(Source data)
text \<open>The rank g z is the last step at which z could still be added.  Elements of rank
  below t are blocked by the prefix of length t, so the exchange hypothesis applies.\<close>
lemma greedy_run_blocking_ranks:
  fixes r :: real
  assumes gr: "greedy_run U M f xs"
    and down: "\<And>A B. A \<in> M \<Longrightarrow> B \<subseteq> A \<Longrightarrow> B \<in> M" and empty: "{} \<in> M"
    and r: "0 < r"
    and exchange: "\<And>A B. A \<in> M \<Longrightarrow> B \<subseteq> T - A \<Longrightarrow> \<forall>z\<in>B. insert z A \<notin> M \<Longrightarrow>
      r * card B \<le> card A"
    and T: "T \<subseteq> U"
  obtains g where "\<forall>z\<in>T - set xs. g z < length xs \<and> insert z (set (take (g z) xs)) \<in> M"
    and "\<And>t. t \<le> length xs \<Longrightarrow> r * card {z\<in>T - set xs. g z < t} \<le> t"
proof -
  define m where "m = length xs"
  define S where "S t = set (take t xs)" for t
  define B where "B = T - set xs"
  define \<tau> where "\<tau> z = (LEAST t. insert z (S t) \<notin> M)" for z
  have blocked_end: "insert z (S m) \<notin> M" if "z \<in> B" for z
    using greedy_run_maximal[OF gr] that T by (auto simp: S_def m_def B_def)
  have \<tau>_le: "\<tau> z \<le> m" if "z \<in> B" for z
    unfolding \<tau>_def by (rule Least_le) (rule blocked_end[OF that])
  have \<tau>_blocked: "insert z (S (\<tau> z)) \<notin> M" if "z \<in> B" for z
    unfolding \<tau>_def by (rule LeastI) (rule blocked_end[OF that])
  have \<tau>_feasible: "insert z (S t) \<in> M" if "t < \<tau> z" for z t
    using not_less_Least[OF that[unfolded \<tau>_def]] by simp
  have count: "r * card {z\<in>B. \<tau> z \<le> t} \<le> t" if t: "t \<le> m" for t
  proof -
    have "insert z (S t) \<notin> M" if "z \<in> B" "\<tau> z \<le> t" for z
    proof
      assume "insert z (S t) \<in> M"
      moreover have "insert z (S (\<tau> z)) \<subseteq> insert z (S t)"
        using set_take_subset_set_take[OF that(2), of xs] by (auto simp: S_def)
      ultimately show False using down \<tau>_blocked[OF that(1)] by blast
    qed
    moreover have "{z\<in>B. \<tau> z \<le> t} \<subseteq> T - S t"
      using set_take_subset[of t xs] by (auto simp: B_def S_def)
    ultimately have "r * card {z\<in>B. \<tau> z \<le> t} \<le> card (S t)"
      using greedy_run_prefix_in[OF gr empty] t by (intro exchange) (auto simp: S_def m_def)
    also have "card (S t) = t"
      using greedy_run_distinct[OF gr] t by (simp add: S_def m_def distinct_card)
    finally show ?thesis .
  qed
  have \<tau>_pos: "0 < \<tau> z" if "z \<in> B" for z
  proof (rule ccontr)
    assume "\<not> 0 < \<tau> z"
    then have "insert z {} \<notin> M" using \<tau>_blocked[OF that] by (simp add: S_def)
    then have "r * card {z} \<le> card ({} :: 'a set)"
      using that by (intro exchange[OF empty]) (auto simp: B_def)
    then show False using r by simp
  qed
  show thesis
  proof (rule that[of "\<lambda>z. \<tau> z - 1"])
    show "\<forall>z\<in>T - set xs. \<tau> z - 1 < length xs \<and> insert z (set (take (\<tau> z - 1) xs)) \<in> M"
    proof
      fix z assume "z \<in> T - set xs"
      then have "\<tau> z - 1 < \<tau> z" "\<tau> z \<le> m" using \<tau>_pos \<tau>_le by (auto simp: B_def)
      then show "\<tau> z - 1 < length xs \<and> insert z (set (take (\<tau> z - 1) xs)) \<in> M"
        using \<tau>_feasible by (auto simp: S_def m_def)
    qed
    show "r * card {z\<in>T - set xs. \<tau> z - 1 < t} \<le> t" if "t \<le> length xs" for t
    proof -
      have "\<tau> z - 1 < t \<longleftrightarrow> \<tau> z \<le> t" if "z \<in> B" for z
        using \<tau>_pos[OF that] by arith
      then have "{z\<in>T - set xs. \<tau> z - 1 < t} = {z\<in>B. \<tau> z \<le> t}"
        unfolding B_def by blast
      then show ?thesis using count that by (simp add: m_def)
    qed
  qed
qed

_AIM OF THE TASK_
Please restate the preceding entries word for word.

_ANSWER SECTION_
text \<open>The rank g z is the last step at which z could still be added.  Elements of rank
  below t are blocked by the prefix of length t, so the exchange hypothesis applies.\<close>
lemma greedy_run_blocking_ranks:
  fixes r :: real
  assumes gr: "greedy_run U M f xs"
    and down: "\<And>A B. A \<in> M \<Longrightarrow> B \<subseteq> A \<Longrightarrow> B \<in> M" and empty: "{} \<in> M"
    and r: "0 < r"
    and exchange: "\<And>A B. A \<in> M \<Longrightarrow> B \<subseteq> T - A \<Longrightarrow> \<forall>z\<in>B. insert z A \<notin> M \<Longrightarrow>
      r * card B \<le> card A"
    and T: "T \<subseteq> U"
  obtains g where "\<forall>z\<in>T - set xs. g z < length xs \<and> insert z (set (take (g z) xs)) \<in> M"
    and "\<And>t. t \<le> length xs \<Longrightarrow> r * card {z\<in>T - set xs. g z < t} \<le> t"
proof -
  define m where "m = length xs"
  define S where "S t = set (take t xs)" for t
  define B where "B = T - set xs"
  define \<tau> where "\<tau> z = (LEAST t. insert z (S t) \<notin> M)" for z
  have blocked_end: "insert z (S m) \<notin> M" if "z \<in> B" for z
    using greedy_run_maximal[OF gr] that T by (auto simp: S_def m_def B_def)
  have \<tau>_le: "\<tau> z \<le> m" if "z \<in> B" for z
    unfolding \<tau>_def by (rule Least_le) (rule blocked_end[OF that])
  have \<tau>_blocked: "insert z (S (\<tau> z)) \<notin> M" if "z \<in> B" for z
    unfolding \<tau>_def by (rule LeastI) (rule blocked_end[OF that])
  have \<tau>_feasible: "insert z (S t) \<in> M" if "t < \<tau> z" for z t
    using not_less_Least[OF that[unfolded \<tau>_def]] by simp
  have count: "r * card {z\<in>B. \<tau> z \<le> t} \<le> t" if t: "t \<le> m" for t
  proof -
    have "insert z (S t) \<notin> M" if "z \<in> B" "\<tau> z \<le> t" for z
    proof
      assume "insert z (S t) \<in> M"
      moreover have "insert z (S (\<tau> z)) \<subseteq> insert z (S t)"
        using set_take_subset_set_take[OF that(2), of xs] by (auto simp: S_def)
      ultimately show False using down \<tau>_blocked[OF that(1)] by blast
    qed
    moreover have "{z\<in>B. \<tau> z \<le> t} \<subseteq> T - S t"
      using set_take_subset[of t xs] by (auto simp: B_def S_def)
    ultimately have "r * card {z\<in>B. \<tau> z \<le> t} \<le> card (S t)"
      using greedy_run_prefix_in[OF gr empty] t by (intro exchange) (auto simp: S_def m_def)
    also have "card (S t) = t"
      using greedy_run_distinct[OF gr] t by (simp add: S_def m_def distinct_card)
    finally show ?thesis .
  qed
  have \<tau>_pos: "0 < \<tau> z" if "z \<in> B" for z
  proof (rule ccontr)
    assume "\<not> 0 < \<tau> z"
    then have "insert z {} \<notin> M" using \<tau>_blocked[OF that] by (simp add: S_def)
    then have "r * card {z} \<le> card ({} :: 'a set)"
      using that by (intro exchange[OF empty]) (auto simp: B_def)
    then show False using r by simp
  qed
  show thesis
  proof (rule that[of "\<lambda>z. \<tau> z - 1"])
    show "\<forall>z\<in>T - set xs. \<tau> z - 1 < length xs \<and> insert z (set (take (\<tau> z - 1) xs)) \<in> M"
    proof
      fix z assume "z \<in> T - set xs"
      then have "\<tau> z - 1 < \<tau> z" "\<tau> z \<le> m" using \<tau>_pos \<tau>_le by (auto simp: B_def)
      then show "\<tau> z - 1 < length xs \<and> insert z (set (take (\<tau> z - 1) xs)) \<in> M"
        using \<tau>_feasible by (auto simp: S_def m_def)
    qed
    show "r * card {z\<in>T - set xs. \<tau> z - 1 < t} \<le> t" if "t \<le> length xs" for t
    proof -
      have "\<tau> z - 1 < t \<longleftrightarrow> \<tau> z \<le> t" if "z \<in> B" for z
        using \<tau>_pos[OF that] by arith
      then have "{z\<in>T - set xs. \<tau> z - 1 < t} = {z\<in>B. \<tau> z \<le> t}"
        unfolding B_def by blast
      then show ?thesis using count that by (simp add: m_def)
    qed
  qed
qed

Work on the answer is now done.